I lowered my expectations with mess halls-it was after all free. There were Drill Sergeants whose job it was to be 'chow hall push', "If you're talking, you're not eating!", "IF you can taste it you are eating. too. slow." And other forms of harassment to keep the flow of soldiers going through the feeding process. I didn't need much urging- it was true, if I ate fast enough, the taste didn't matter. I would inhale whatever it was and have a few precious minutes alone to walk back to the barracks. Fair trade. Free food.
After that, I could eat anything. But I also decided that if I were eating out, I was going to order nothing that would show up in a chow hall. I slowly came to realize that it mattered what you ordered, and where. That I needed a strategy. It would take a while. D also tended to try to apologize for me, which I quashed as condescending, with the caveat that he work with me. He agreed, apologized, and did. I learned to be pleasant-no easy skill for me. I finally had enough income to eat out- a key element. We became regulars at the Rio Grande Cafe at the former train station in Salt Lake. Gradually I worked out a list of rules for avoiding bad service and bad food, and it had more to do with how I looked at eating than what I was given.
1. Never order hamburger at a place that does mostly Fish.
2. Don't order the only fish on the menu.
3. Don't order the cheapest thing on the menu, especially if it is grilled cheese.
4. If my waiter is slow or having trouble hearing me, do not order anything that needs adjustment, i.e. 'no onions'. Just order something that doesn't have onions.
5. Don't get mad or picky, just be firm and apologetic, and flexible. Trading plates will make my friends happier than me sitting there fuming with no food. Eggs are eggs, regardless of how they are cooked, just eat them.
6. Don't go into a restaurant very hungry with low blood sugar, the order will certainly never show up, or be grossly wrong. Get a candy bar first.
7. Order the same thing every time when I am with a large group, it's the friends not the food. And they can order for me if I am in the restroom. Or too tired to chose well. (Dave will probably still have a salad with honey mustard dressing, on the side. )
8. Add an extra $5-10 when I am sharing a group check, someone always forgets the tax or is cheap about tips, don't let it be me.

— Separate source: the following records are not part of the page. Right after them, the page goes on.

text \<open>
  Write the elements of G as affine maps z \<mapsto> \<lambda>z + b.
  (1) If f and g do not commute, the commutator-like element (f \<circ> g) \<circ> (g \<circ> f)\<inverse>
      has ratio 1, so G contains a non-trivial translation z \<mapsto> z + v.
  (2) The set T of coefficients x with z \<mapsto> z + x v in G is an additive group,
      and conjugating such a translation by an element of ratio \<mu> multiplies x by \<mu>.
      Hence the set of multipliers {q. q T \<subseteq> T} is closed under +, -, \<times> and
      contains every ratio of G together with its inverse.
  (3) An element of G outside SR has a ratio \<mu> \<notin> F2 \<union> F3; an elementary case analysis
      on \<mu> shows that one of \<mu>, \<mu>\<inverse>, \<mu> - 1, \<mu> + 1, \<mu>^2 + 1 has modulus in ]0,1[.
  (4) Thus q^k v is a translation vector of G for some 0 < |q| < 1 and all k, so every
      point z of an orbit is accumulated by the points z + q^k v of the same orbit.
\<close>

lemma affine_map_comp:
  "affine_map a b \<circ> affine_map c d = affine_map (a * c) (a *s d + b)"
  by (rule ext) (simp add: affine_map_def vector_add_ldistrib scalar_mult_eq_scaleR
      algebra_simps vec_eq_iff)

lemma id_eq_affine_map: "id = affine_map 1 0"
  by (rule ext) (simp add: affine_map_def)

lemma affine_map_eq_iff: "affine_map a b = affine_map c d \<longleftrightarrow> a = c \<and> b = d"
proof
  assume eq: "affine_map a b = affine_map c d"
  have "affine_map a b 0 = affine_map c d 0" using eq by simp
  hence bd: "b = d" by (simp add: affine_map_def)
  have "affine_map a b (\<chi> i. 1) $ undefined = affine_map c d (\<chi> i. 1) $ undefined"
    using eq by simp
  hence "a = c" using bd by (simp add: affine_map_def)
  thus "a = c \<and> b = d" using bd by simp
qed simp

lemma norm_vector_scalar_mult: "norm (c *s (v :: complex ^ 'n)) = cmod c * norm v"
  unfolding norm_vec_def by (simp add: L2_set_right_distrib norm_mult)

definition transl_coeffs :: "(complex ^ 'n \<Rightarrow> complex ^ 'n) set \<Rightarrow> complex ^ 'n \<Rightarrow> complex set"
  where "transl_coeffs G v = {x. affine_map 1 (x *s v) \<in> G}"

definition multipliers :: "(complex ^ 'n \<Rightarrow> complex ^ 'n) set \<Rightarrow> complex ^ 'n \<Rightarrow> complex set"
  where "multipliers G v = {q. \<forall>x \<in> transl_coeffs G v. q * x \<in> transl_coeffs G v}"

context
  fixes G :: "(complex ^ 'n \<Rightarrow> complex ^ 'n) set"
  assumes G: "is_subgroup_H G"
begin

lemma subgroup_id: "id \<in> G"
  using G unfolding is_subgroup_H_def by blast

lemma subgroup_comp: "f \<in> G \<Longrightarrow> g \<in> G \<Longrightarrow> f \<circ> g \<in> G"
  using G unfolding is_subgroup_H_def by blast

lemma subgroup_elem: "f \<in> G \<Longrightarrow> \<exists>lam b. lam \<noteq> 0 \<and> f = affine_map lam b"
  using G unfolding is_subgroup_H_def Hgrp_def by blast

lemma subgroup_inverse:
  assumes "affine_map a b \<in> G"
  shows "affine_map (inverse a) (- (inverse a *s b)) \<in> G"
proof -
  obtain g where g: "g \<in> G" "affine_map a b \<circ> g = id"
    using G assms unfolding is_subgroup_H_def by blast
  obtain a' b' where g_eq: "g = affine_map a' b'" using subgroup_elem[OF g(1)] by blast
  have "a * a' = 1" and b: "a *s b' + b = 0"
    using g(2) unfolding g_eq affine_map_comp id_eq_affine_map affine_map_eq_iff by auto
  hence a': "a' = inverse a" and "a \<noteq> 0" by (auto simp: inverse_unique)
  have "b' = - (inverse a *s b)"
    using b \<open>a \<noteq> 0\<close> by (simp add: vec_eq_iff field_simps add_eq_0_iff2)
  thus ?thesis using g(1) g_eq a' by simp
qed

lemma subgroup_noncommuting_translation:
  assumes "f \<in> G" "g \<in> G" "f \<circ> g \<noteq> g \<circ> f"
  obtains v where "v \<noteq> 0" "affine_map 1 v \<in> G"
proof -
  obtain a b c d where ab: "a \<noteq> 0" "f = affine_map a b" and cd: "c \<noteq> 0" "g = affine_map c d"
    using subgroup_elem assms(1,2) by metis
  have fg: "f \<circ> g = affine_map (a * c) (a *s d + b)"
    and gf: "g \<circ> f = affine_map (a * c) (c *s b + d)"
    unfolding ab cd affine_map_comp by (simp_all add: mult.commute)
  define v where "v = (a *s d + b) - (c *s b + d)"
  have "v \<noteq> 0" using assms(3) unfolding fg gf v_def by (metis right_minus_eq)
  have "affine_map (inverse (a * c)) (- (inverse (a * c) *s (c *s b + d))) \<in> G"
    using subgroup_inverse subgroup_comp[OF assms(2,1)] gf by metis
  hence "(f \<circ> g) \<circ> affine_map (inverse (a * c)) (- (inverse (a * c) *s (c *s b + d))) \<in> G"
    using subgroup_comp subgroup_comp[OF assms(1,2)] by blast
  moreover have "(f \<circ> g) \<circ> affine_map (inverse (a * c)) (- (inverse (a * c) *s (c *s b + d)))
      = affine_map 1 v"
    using ab(1) cd(1) unfolding fg affine_map_comp v_def
    by (simp add: affine_map_eq_iff vec_eq_iff field_simps)
  ultimately show ?thesis using \<open>v \<noteq> 0\<close> that by simp
qed

lemma transl_coeffs_add:
  assumes "x \<in> transl_coeffs G v" "y \<in> transl_coeffs G v"
  shows "x + y \<in> transl_coeffs G v"
proof -
  have "affine_map 1 (x *s v) \<circ> affine_map 1 (y *s v) = affine_map 1 ((x + y) *s v)"
    unfolding affine_map_comp by (simp add: vector_sadd_rdistrib add.commute)
  thus ?thesis using subgroup_comp assms unfolding transl_coeffs_def by fastforce
qed

lemma transl_coeffs_uminus:
  assumes "x \<in> transl_coeffs G v"
  shows "- x \<in> transl_coeffs G v"
  using subgroup_inverse[of 1 "x *s v"] assms unfolding transl_coeffs_def by simp
lemma Max_Re_eigenvalues_le:
  fixes X :: "complex mat"
  assumes X: "X \<in> carrier_mat k k" and k: "k > 0" and le: "\<And>\<mu>. eigenvalue X \<mu> \<Longrightarrow> Re \<mu> \<le> B"
  shows "Max {Re \<mu> | \<mu>. eigenvalue X \<mu>} \<le> B"
proof -
  have eq: "{Re \<mu> | \<mu>. eigenvalue X \<mu>} = Re ` spectrum X" by (auto simp: spectrum_def)
  show ?thesis unfolding eq using card_finite_spectrum(1)[OF X] spectrum_non_empty[OF X k] le
    by (auto simp: spectrum_def)
qed

lemma Max_Re_eigenvalues_eqI:
  fixes X :: "complex mat"
  assumes X: "X \<in> carrier_mat k k" and k: "k > 0" and le: "\<And>\<mu>. eigenvalue X \<mu> \<Longrightarrow> Re \<mu> \<le> B"
    and ev: "eigenvalue X (complex_of_real B)"
  shows "Max {Re \<mu> | \<mu>. eigenvalue X \<mu>} = B"
proof (rule antisym)
  show "Max {Re \<mu> | \<mu>. eigenvalue X \<mu>} \<le> B" by (rule Max_Re_eigenvalues_le[OF X k le])
  have "finite {Re \<mu> | \<mu>. eigenvalue X \<mu>}"
    using card_finite_spectrum(1)[OF X] by (simp add: spectrum_def setcompr_eq_image)
  moreover have "B \<in> {Re \<mu> | \<mu>. eigenvalue X \<mu>}" using ev by force
  ultimately show "B \<le> Max {Re \<mu> | \<mu>. eigenvalue X \<mu>}" by simp
qed

section \<open>The incidence matrix of a spanning tree\<close>

lemma adj_in_sym: "adj_in F src tgt a b \<Longrightarrow> adj_in F src tgt b a"
  unfolding adj_in_def by auto

lemma adj_in_rtranclp_sym: "(adj_in F src tgt)\<^sup>*\<^sup>* a b \<Longrightarrow> (adj_in F src tgt)\<^sup>*\<^sup>* b a"
  by (induction rule: rtranclp_induct) (auto intro: converse_rtranclp_into_rtranclp adj_in_sym)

9. If I can't afford it, eat home first and get an appetizer, or dessert. I am not paying for the food, I am paying for the service and ambience, no matter what I might think.
10. Become a regular.
I made a lot of mistakes and was very irritable before I worked out these rules. I annoyed my friends, ruined many an evening, embarrassed D, and shamed myself. I finally stopped blaming, and expecting perfection because I was paying for this. I took what I was given, and looked for the good in it. Places have lost my business because they would not meet me halfway, but I have stopped making scenes. Even when it comes to restaurants, you can't buy happiness, you have to take it in with you.

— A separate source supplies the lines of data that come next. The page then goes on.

lemma block_rank_permutes:
  assumes "inj_on p {a..b}"
  shows "block_rank p a b permutes {a..b}"
proof (rule bij_imp_permutes)
  have "block_rank p a b i \<in> {a..b}" if "i \<in> {a..b}" for i
  proof -
    have "card {k \<in> {a..b}. p k < p i} \<le> card ({a..b} - {i})"
      by (intro card_mono) auto
    then show ?thesis using that by (simp add: block_rank_def) arith
  qed
  then have maps_to: "block_rank p a b ` {a..b} \<subseteq> {a..b}"
    by auto
  have "inj_on (block_rank p a b) {a..b}"
  proof (rule inj_onI, rule ccontr)
    fix i j assume ij: "i \<in> {a..b}" "j \<in> {a..b}" "block_rank p a b i = block_rank p a b j" "i \<noteq> j"
    then have "p i \<noteq> p j" using assms by (auto dest: inj_onD)
    then show False
      using ij block_rank_less_iff[of i a b j p] block_rank_less_iff[of j a b i p] by auto
  qed
  with maps_to show "bij_betw (block_rank p a b) {a..b} {a..b}"
    by (simp add: bij_betw_def endo_inj_surj)
  show "block_rank p a b x = x" if "x \<notin> {a..b}" for x
    using that by (auto simp: block_rank_def)
qed

lemma block_rank_unique:
  assumes \<alpha>: "\<alpha> permutes {a..b}" and "same_order_on {a..b} p \<alpha>"
  shows "block_rank p a b = \<alpha>"
proof
  fix i
  show "block_rank p a b i = \<alpha> i"
  proof (cases "i \<in> {a..b}")
    case False
    then show ?thesis
      unfolding block_rank_def if_not_P[OF False] using permutes_not_in[OF \<alpha> False] by simp
  next
    case True
    have "\<alpha> ` {k \<in> {a..b}. p k < p i} = \<alpha> ` {k \<in> {a..b}. \<alpha> k < \<alpha> i}"
      using \<open>same_order_on {a..b} p \<alpha>\<close> True by (auto simp: same_order_on_def)
    also have "\<dots> = {v \<in> \<alpha> ` {a..b}. v < \<alpha> i}" by auto
    also have "\<dots> = {a..<\<alpha> i}"
      using permutes_image[OF \<alpha>] permutes_in_image[OF \<alpha>, of i] True by auto
    finally have "card (\<alpha> ` {k \<in> {a..b}. p k < p i}) = \<alpha> i - a" by simp
    then have "card {k \<in> {a..b}. p k < p i} = \<alpha> i - a"
      by (simp add: card_image permutes_inj_on[OF \<alpha>])
    moreover have "a \<le> \<alpha> i" using permutes_in_image[OF \<alpha>, of i] True by simp
    ultimately show ?thesis using True by (simp add: block_rank_def)
  qed
qed

lemma same_order_on_block_rank: "same_order_on {a..b} p (block_rank p a b)"
  by (simp add: same_order_on_def block_rank_less_iff)

definition inversions :: "(nat \<Rightarrow> nat) \<Rightarrow> nat set \<Rightarrow> nat set \<Rightarrow> nat" where
  "inversions p X Y = (\<Sum>i\<in>X. \<Sum>j\<in>Y. of_bool (i < j \<and> p j < p i))"

lemma inv_count_eq_inversions: "inv_count n p = inversions p {1..n} {1..n}"
proof -
  have "inv_count n p = card ({1..n} \<times> {1..n} \<inter> {(i, j). i < j \<and> p j < p i})"
    unfolding inv_count_def by (rule arg_cong[where f=card]) auto
  also have "\<dots> = inversions p {1..n} {1..n}"
    unfolding inversions_def sum.cartesian_product by (simp add: case_prod_beta')
  finally show ?thesis .
qed

lemma inversions_Un_left:
  "finite X1 \<Longrightarrow> finite X2 \<Longrightarrow> X1 \<inter> X2 = {} \<Longrightarrow>
   inversions p (X1 \<union> X2) Y = inversions p X1 Y + inversions p X2 Y"
  unfolding inversions_def by (rule sum.union_disjoint)

lemma inversions_Un_right:
  "finite Y1 \<Longrightarrow> finite Y2 \<Longrightarrow> Y1 \<inter> Y2 = {} \<Longrightarrow>
   inversions p X (Y1 \<union> Y2) = inversions p X Y1 + inversions p X Y2"
  unfolding inversions_def sum.distrib[symmetric] by (intro sum.cong refl sum.union_disjoint)

lemma inversions_eq_0:
  "(\<And>i j. i \<in> X \<Longrightarrow> j \<in> Y \<Longrightarrow> i < j \<Longrightarrow> p i < p j) \<Longrightarrow> inversions p X Y = 0"
  unfolding inversions_def by (intro sum.neutral ballI) (simp, meson less_asym)

lemma inversions_cong_same_order:
  "same_order_on S p p' \<Longrightarrow> inversions p S S = inversions p' S S"
  unfolding inversions_def same_order_on_def by (intro sum.cong refl) auto

lemma inversions_block_perms:
  assumes \<alpha>: "\<alpha> permutes X" and \<beta>: "\<beta> permutes Y"
    and X_below_Y: "\<And>i j. i \<in> X \<Longrightarrow> j \<in> Y \<Longrightarrow> i < j"
    and "\<And>i. i \<in> X \<Longrightarrow> p i = r (\<alpha> i)" "\<And>j. j \<in> Y \<Longrightarrow> p j = r (\<beta> j)"
  shows "inversions p X Y = inversions r X Y"
proof -
  have "inversions p X Y = (\<Sum>i\<in>X. \<Sum>j\<in>Y. of_bool (r (\<beta> j) < r (\<alpha> i)))"
    unfolding inversions_def using assms(3-5) by (intro sum.cong refl) auto
  also have "\<dots> = (\<Sum>i\<in>X. \<Sum>j\<in>Y. of_bool (r j < r (\<alpha> i)))"
    by (intro sum.cong refl sum.reindex_bij_betw permutes_imp_bij[OF \<beta>])
  also have "\<dots> = (\<Sum>i\<in>X. \<Sum>j\<in>Y. of_bool (r j < r i))"
    by (rule sum.reindex_bij_betw[OF permutes_imp_bij[OF \<alpha>],
          where g = "\<lambda>i. \<Sum>j\<in>Y. of_bool (r j < r i)"])
  also have "\<dots> = inversions r X Y"
    unfolding inversions_def using X_below_Y by (intro sum.cong refl) auto
  finally show ?thesis .
qed

locale two_blocks =
  fixes m n :: nat
  assumes m_le_n: "m \<le> n"
begin

text \<open>The minimal-length representatives of the cosets of the Young subgroup
  \<open>S\<^bsub>{1..m}\<^esub> \<times> S\<^bsub>{m+1..n}\<^esub>\<close>.\<close>

definition shuffles :: "(nat \<Rightarrow> nat) set" where
  "shuffles = {r \<in> Sn n. strict_mono_on {1..m} r \<and> strict_mono_on {Suc m..n} r}"

lemma blocks_Un: "{1..m} \<union> {Suc m..n} = {1..n}"
  using m_le_n by auto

I still miss the Rio Grande Cafe. But let me take you out to Wok 'n Roll.
2 comments:
I didn't have the same problems, but I also remember having to learn. My first time in a restaurant, the waitress had to ask me two or three times what I had asked for because I spoke so quietly, and in the form of a question. And, of course, I always chose the cheapest item on the menu. And the safest. Everything else looked like a foreign language. It took money and practice to get it right. Being vegetarian in certain areas can present its own challenges. It's easy here, but oh, what I wouldn't give for a local Long Life Veggie House. Mmmm.
Rule nine is clever. I'll have to remember that one.
When you come back to visit, we found a place that has a lot of vegetarian food. And all kinds of beer. I know, too little too late, but we had no idea.